#### EXERCISE DIRECTIONS
Let your answer be the line containing "proof (rule sum_strict_mono_ex1)" and every line below it to the end of the records, copied exactly.

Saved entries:

****************************************

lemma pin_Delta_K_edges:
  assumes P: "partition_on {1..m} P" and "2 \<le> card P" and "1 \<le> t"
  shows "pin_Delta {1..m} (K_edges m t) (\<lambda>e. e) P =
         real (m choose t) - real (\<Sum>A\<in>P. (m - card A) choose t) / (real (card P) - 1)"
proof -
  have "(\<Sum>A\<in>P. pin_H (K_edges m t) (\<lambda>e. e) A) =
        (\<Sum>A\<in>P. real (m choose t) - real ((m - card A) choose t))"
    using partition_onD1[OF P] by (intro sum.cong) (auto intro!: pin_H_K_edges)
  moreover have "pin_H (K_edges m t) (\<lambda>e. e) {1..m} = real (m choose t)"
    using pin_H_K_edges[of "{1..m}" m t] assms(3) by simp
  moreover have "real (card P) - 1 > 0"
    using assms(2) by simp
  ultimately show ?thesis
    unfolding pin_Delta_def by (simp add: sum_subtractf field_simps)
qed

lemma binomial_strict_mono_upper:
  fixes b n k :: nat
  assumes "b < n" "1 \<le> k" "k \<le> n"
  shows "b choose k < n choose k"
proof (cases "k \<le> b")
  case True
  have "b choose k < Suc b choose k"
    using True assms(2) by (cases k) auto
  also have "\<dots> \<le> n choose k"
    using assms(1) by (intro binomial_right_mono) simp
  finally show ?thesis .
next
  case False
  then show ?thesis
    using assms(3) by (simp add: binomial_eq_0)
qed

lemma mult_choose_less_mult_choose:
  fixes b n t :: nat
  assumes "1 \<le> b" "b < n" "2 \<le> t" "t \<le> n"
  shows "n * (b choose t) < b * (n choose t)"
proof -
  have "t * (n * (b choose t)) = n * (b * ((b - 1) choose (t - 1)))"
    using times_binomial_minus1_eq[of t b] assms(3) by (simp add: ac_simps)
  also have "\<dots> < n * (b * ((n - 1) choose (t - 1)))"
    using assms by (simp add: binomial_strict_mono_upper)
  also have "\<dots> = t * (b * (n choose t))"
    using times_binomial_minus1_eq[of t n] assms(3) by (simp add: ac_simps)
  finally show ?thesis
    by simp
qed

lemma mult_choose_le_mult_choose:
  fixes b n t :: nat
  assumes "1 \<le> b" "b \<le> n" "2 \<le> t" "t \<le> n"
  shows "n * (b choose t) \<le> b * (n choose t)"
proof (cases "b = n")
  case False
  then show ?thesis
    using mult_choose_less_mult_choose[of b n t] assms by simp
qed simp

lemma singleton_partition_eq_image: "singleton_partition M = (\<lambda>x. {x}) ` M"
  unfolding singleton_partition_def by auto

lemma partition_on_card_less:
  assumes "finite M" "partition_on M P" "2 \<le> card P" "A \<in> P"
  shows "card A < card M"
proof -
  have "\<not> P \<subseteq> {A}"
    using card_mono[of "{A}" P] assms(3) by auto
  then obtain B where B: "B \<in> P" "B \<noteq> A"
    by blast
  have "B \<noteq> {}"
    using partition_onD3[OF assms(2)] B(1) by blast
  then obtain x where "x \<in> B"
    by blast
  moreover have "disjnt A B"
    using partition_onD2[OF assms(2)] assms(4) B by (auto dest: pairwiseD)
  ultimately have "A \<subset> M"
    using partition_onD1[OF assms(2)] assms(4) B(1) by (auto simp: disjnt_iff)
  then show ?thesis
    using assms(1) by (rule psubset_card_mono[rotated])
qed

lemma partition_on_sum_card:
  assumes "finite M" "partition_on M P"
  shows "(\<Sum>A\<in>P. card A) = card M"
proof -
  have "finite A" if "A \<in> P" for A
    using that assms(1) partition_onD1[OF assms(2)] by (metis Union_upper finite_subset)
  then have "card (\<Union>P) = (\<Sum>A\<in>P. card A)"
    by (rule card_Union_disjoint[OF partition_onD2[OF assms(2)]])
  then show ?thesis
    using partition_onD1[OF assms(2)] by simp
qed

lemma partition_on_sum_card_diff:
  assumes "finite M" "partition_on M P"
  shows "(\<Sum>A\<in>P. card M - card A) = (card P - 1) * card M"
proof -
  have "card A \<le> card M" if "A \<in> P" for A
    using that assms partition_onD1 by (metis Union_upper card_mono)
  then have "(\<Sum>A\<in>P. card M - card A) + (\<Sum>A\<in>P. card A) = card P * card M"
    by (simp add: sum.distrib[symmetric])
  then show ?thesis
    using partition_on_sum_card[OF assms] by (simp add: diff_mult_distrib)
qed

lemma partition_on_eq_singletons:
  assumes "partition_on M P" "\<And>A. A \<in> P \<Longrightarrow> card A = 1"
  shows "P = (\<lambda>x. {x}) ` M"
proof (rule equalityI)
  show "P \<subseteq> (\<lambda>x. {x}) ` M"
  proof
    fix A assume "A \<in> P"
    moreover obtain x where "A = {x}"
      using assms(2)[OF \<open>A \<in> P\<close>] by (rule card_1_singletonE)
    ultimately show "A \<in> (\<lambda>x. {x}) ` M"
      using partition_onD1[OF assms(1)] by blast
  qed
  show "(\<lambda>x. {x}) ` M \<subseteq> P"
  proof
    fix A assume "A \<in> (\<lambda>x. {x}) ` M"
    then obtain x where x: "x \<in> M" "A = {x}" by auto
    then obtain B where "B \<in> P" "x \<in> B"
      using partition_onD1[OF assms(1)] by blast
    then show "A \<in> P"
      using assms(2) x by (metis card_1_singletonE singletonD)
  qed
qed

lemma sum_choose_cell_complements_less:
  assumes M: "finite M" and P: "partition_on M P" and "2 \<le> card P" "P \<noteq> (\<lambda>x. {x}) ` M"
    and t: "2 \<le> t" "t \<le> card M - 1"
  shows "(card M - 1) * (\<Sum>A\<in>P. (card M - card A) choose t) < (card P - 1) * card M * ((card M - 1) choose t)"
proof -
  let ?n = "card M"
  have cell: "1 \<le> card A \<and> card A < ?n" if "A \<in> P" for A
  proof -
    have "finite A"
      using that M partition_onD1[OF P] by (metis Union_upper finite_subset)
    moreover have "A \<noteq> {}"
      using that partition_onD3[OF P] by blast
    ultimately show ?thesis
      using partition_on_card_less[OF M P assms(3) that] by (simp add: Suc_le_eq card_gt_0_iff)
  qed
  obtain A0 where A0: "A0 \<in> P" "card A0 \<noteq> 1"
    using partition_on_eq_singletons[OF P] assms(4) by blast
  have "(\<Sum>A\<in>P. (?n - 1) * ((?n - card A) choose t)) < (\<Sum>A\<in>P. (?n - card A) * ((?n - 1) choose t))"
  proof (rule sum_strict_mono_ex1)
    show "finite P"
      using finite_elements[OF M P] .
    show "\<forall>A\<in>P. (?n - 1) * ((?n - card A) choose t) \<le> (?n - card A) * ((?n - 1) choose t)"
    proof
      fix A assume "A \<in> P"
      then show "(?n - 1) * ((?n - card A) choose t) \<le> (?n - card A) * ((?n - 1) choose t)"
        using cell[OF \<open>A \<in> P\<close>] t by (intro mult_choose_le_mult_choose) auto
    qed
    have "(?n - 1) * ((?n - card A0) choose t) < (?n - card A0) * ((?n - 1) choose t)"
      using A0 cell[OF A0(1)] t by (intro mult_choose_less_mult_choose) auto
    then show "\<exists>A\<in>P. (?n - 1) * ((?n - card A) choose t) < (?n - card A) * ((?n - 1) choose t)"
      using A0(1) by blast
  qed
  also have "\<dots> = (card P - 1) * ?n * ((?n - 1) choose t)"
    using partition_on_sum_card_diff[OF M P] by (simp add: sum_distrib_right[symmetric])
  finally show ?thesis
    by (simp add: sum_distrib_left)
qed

****************************************

#### WRITTEN SOLUTION
  proof (rule sum_strict_mono_ex1)
    show "finite P"
      using finite_elements[OF M P] .
    show "\<forall>A\<in>P. (?n - 1) * ((?n - card A) choose t) \<le> (?n - card A) * ((?n - 1) choose t)"
    proof
      fix A assume "A \<in> P"
      then show "(?n - 1) * ((?n - card A) choose t) \<le> (?n - card A) * ((?n - 1) choose t)"
        using cell[OF \<open>A \<in> P\<close>] t by (intro mult_choose_le_mult_choose) auto
    qed
    have "(?n - 1) * ((?n - card A0) choose t) < (?n - card A0) * ((?n - 1) choose t)"
      using A0 cell[OF A0(1)] t by (intro mult_choose_less_mult_choose) auto
    then show "\<exists>A\<in>P. (?n - 1) * ((?n - card A) choose t) < (?n - card A) * ((?n - 1) choose t)"
      using A0(1) by blast
  qed
  also have "\<dots> = (card P - 1) * ?n * ((?n - 1) choose t)"
    using partition_on_sum_card_diff[OF M P] by (simp add: sum_distrib_right[symmetric])
  finally show ?thesis
    by (simp add: sum_distrib_left)
qed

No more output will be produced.